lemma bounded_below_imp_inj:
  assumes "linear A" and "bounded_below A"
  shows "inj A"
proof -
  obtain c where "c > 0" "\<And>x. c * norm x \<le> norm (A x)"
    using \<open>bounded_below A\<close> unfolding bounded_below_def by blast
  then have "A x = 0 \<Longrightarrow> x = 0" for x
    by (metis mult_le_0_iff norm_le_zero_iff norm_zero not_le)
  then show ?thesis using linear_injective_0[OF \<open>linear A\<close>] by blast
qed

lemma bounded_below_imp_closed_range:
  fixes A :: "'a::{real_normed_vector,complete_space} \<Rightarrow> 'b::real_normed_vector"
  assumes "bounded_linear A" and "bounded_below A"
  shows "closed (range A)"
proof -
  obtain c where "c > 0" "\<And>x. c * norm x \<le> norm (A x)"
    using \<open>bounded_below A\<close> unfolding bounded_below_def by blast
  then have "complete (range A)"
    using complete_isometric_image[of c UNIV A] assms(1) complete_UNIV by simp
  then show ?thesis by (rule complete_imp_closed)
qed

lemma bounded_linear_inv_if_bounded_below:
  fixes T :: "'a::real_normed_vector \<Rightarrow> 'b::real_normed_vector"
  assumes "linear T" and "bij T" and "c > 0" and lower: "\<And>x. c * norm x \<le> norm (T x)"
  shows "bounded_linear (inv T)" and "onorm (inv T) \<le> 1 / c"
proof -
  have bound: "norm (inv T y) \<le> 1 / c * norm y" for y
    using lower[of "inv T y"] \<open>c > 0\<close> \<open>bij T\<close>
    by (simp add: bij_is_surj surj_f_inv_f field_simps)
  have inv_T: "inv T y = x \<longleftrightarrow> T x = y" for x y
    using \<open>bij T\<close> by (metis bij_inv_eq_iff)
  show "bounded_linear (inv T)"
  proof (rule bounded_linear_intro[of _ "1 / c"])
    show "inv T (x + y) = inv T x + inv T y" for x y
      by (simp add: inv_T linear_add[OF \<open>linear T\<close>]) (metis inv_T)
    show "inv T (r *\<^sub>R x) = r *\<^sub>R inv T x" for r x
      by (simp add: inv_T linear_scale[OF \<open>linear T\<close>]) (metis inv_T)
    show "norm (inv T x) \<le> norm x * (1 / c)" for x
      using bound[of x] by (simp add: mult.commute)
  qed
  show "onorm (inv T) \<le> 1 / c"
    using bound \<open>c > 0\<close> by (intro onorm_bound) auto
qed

--

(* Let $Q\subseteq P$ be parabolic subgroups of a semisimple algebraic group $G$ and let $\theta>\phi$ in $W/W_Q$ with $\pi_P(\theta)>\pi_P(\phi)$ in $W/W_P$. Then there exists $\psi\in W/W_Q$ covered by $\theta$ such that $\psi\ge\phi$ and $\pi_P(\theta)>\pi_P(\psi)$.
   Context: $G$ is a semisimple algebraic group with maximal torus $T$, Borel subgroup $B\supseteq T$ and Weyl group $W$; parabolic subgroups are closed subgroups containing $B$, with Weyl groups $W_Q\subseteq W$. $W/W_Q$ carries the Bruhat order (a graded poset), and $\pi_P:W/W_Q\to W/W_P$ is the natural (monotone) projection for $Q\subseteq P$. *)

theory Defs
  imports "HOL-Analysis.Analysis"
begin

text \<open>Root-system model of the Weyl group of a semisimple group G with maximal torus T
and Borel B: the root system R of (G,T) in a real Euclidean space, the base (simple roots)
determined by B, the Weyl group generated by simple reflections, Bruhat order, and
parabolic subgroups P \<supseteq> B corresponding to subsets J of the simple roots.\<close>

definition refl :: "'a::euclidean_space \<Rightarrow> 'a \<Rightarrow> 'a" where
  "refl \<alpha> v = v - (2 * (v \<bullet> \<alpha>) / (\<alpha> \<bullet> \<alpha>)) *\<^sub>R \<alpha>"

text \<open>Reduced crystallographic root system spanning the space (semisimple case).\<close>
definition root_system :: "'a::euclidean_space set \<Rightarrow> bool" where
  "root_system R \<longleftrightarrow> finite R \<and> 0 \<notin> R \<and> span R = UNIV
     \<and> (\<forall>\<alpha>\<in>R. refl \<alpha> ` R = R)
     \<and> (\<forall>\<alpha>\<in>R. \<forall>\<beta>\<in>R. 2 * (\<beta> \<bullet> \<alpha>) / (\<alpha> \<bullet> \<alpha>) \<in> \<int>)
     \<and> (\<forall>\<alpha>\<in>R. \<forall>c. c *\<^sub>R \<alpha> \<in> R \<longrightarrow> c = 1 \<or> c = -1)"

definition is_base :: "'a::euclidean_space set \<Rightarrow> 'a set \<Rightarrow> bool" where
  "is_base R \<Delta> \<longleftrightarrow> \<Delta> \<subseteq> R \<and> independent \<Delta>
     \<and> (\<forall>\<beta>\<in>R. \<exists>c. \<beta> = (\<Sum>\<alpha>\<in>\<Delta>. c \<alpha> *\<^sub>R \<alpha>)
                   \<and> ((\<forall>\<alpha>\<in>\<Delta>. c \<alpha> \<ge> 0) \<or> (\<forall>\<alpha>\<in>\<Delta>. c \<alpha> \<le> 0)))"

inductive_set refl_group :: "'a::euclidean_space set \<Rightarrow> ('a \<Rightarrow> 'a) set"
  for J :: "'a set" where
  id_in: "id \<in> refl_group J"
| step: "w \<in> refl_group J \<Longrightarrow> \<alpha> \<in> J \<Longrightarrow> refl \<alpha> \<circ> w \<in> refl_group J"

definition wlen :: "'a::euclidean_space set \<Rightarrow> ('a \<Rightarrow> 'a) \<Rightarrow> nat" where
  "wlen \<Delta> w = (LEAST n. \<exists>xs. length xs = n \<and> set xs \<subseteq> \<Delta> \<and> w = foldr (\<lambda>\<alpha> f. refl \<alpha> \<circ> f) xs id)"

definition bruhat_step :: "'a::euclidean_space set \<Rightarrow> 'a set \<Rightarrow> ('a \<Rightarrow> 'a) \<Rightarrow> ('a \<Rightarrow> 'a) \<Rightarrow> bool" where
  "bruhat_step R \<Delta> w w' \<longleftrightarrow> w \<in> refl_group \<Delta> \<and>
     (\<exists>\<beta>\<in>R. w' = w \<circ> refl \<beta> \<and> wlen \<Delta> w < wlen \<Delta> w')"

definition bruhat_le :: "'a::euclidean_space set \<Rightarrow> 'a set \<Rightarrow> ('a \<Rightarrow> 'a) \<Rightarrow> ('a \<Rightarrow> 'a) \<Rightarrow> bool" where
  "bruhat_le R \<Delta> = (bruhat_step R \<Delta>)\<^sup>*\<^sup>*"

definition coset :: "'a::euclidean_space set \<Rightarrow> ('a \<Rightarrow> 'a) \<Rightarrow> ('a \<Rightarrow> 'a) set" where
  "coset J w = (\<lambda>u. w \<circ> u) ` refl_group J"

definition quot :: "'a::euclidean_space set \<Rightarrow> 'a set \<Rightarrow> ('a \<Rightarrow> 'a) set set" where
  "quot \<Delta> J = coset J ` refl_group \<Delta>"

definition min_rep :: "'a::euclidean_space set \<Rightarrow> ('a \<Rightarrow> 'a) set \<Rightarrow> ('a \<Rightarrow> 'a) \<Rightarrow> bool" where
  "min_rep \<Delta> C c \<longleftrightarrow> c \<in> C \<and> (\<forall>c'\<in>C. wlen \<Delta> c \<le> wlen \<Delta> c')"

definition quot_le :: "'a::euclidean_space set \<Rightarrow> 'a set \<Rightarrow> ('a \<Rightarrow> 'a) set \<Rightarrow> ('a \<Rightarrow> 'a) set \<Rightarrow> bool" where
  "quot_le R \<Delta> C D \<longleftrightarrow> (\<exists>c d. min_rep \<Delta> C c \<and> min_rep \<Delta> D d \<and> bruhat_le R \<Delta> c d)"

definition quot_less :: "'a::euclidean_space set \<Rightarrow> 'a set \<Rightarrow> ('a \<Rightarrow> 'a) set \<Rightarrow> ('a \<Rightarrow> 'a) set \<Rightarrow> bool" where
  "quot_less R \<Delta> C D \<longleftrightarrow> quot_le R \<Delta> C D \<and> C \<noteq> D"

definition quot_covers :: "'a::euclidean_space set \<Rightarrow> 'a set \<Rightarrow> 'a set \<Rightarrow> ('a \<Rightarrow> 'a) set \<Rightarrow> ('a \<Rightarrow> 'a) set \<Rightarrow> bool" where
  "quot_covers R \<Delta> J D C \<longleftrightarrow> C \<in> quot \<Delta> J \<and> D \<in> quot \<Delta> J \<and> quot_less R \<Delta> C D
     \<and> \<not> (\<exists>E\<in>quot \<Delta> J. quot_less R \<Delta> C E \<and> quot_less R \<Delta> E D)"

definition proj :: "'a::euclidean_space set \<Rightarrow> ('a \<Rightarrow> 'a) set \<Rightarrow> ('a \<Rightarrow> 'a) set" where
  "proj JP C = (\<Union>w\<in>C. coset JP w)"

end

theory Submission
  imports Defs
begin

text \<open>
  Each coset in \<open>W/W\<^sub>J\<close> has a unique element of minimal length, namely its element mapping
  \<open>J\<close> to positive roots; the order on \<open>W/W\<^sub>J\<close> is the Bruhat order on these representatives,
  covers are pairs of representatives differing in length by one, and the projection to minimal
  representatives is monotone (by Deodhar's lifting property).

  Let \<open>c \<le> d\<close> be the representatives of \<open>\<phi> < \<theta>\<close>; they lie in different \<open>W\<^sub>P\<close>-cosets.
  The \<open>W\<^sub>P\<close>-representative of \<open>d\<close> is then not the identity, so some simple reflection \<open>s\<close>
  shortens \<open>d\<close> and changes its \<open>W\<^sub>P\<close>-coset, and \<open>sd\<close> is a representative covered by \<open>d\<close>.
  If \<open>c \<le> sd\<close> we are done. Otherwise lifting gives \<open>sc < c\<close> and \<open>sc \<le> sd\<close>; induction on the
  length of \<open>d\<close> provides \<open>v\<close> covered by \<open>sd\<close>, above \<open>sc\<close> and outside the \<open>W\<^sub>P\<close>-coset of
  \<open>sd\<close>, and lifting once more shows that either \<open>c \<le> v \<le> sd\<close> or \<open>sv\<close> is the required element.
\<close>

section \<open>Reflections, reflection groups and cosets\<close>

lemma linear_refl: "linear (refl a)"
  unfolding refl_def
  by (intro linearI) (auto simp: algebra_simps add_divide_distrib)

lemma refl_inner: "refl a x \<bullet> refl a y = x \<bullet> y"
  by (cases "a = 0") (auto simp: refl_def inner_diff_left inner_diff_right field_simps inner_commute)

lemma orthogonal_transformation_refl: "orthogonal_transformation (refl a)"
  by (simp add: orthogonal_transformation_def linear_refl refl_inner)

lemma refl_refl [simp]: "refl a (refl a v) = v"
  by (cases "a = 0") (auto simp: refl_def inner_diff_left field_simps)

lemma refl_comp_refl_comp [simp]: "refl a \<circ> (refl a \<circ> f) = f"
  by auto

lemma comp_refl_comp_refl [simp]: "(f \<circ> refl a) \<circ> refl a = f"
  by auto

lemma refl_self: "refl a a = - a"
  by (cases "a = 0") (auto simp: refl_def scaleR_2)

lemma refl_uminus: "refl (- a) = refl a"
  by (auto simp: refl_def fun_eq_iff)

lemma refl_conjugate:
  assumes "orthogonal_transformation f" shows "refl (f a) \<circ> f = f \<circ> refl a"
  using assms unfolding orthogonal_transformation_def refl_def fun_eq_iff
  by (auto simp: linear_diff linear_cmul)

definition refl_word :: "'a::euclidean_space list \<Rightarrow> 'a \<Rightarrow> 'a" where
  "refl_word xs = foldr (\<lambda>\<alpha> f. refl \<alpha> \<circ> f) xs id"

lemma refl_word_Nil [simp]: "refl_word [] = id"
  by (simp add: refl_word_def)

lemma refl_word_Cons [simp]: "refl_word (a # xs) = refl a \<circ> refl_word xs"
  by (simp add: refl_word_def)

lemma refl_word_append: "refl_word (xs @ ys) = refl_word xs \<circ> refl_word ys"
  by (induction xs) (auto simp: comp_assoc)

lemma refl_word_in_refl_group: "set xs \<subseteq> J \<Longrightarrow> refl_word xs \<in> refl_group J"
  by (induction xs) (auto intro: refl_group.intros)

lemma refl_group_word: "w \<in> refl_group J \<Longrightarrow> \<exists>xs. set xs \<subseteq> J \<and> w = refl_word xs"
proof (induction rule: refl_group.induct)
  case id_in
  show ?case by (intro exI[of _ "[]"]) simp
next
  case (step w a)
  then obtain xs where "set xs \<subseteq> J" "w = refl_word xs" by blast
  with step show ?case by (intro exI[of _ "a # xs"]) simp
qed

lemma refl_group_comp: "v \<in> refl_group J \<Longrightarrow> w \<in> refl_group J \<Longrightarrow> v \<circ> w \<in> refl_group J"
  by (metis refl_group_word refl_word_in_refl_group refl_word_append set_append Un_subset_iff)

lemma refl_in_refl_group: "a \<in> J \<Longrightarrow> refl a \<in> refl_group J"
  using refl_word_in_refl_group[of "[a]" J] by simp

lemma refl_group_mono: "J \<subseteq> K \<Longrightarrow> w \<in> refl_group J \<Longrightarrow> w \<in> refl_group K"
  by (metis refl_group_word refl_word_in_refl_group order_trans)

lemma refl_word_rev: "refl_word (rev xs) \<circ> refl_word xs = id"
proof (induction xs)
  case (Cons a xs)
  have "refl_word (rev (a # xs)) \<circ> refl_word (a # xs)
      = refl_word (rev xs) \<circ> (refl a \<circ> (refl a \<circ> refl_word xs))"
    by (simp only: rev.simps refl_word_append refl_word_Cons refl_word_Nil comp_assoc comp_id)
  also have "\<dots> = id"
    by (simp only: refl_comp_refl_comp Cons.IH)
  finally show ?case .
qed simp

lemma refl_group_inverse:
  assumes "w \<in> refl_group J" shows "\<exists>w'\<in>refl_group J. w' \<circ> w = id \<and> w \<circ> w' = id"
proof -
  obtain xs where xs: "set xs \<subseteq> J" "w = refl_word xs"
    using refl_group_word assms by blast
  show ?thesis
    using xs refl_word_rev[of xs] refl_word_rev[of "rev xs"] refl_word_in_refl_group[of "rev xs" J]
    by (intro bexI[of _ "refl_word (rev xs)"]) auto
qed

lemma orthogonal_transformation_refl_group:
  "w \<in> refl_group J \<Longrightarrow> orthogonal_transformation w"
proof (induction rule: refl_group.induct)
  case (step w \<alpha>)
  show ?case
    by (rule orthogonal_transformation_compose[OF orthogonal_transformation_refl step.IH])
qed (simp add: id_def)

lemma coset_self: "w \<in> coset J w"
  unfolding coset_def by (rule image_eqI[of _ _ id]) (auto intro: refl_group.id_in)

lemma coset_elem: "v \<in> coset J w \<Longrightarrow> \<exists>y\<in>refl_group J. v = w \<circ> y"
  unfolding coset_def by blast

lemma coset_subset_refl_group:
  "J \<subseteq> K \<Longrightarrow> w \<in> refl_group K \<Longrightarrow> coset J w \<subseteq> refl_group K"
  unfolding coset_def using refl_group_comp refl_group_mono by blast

**WORK ORDER:** If a line in the entries contains the word "metis", copy that line out.

**REPLY TO THE EXERCISE:**
    by (metis mult_le_0_iff norm_le_zero_iff norm_zero not_le)
    using \<open>bij T\<close> by (metis bij_inv_eq_iff)
      by (simp add: inv_T linear_add[OF \<open>linear T\<close>]) (metis inv_T)
      by (simp add: inv_T linear_scale[OF \<open>linear T\<close>]) (metis inv_T)
  by (metis refl_group_word refl_word_in_refl_group refl_word_append set_append Un_subset_iff)
  by (metis refl_group_word refl_word_in_refl_group order_trans)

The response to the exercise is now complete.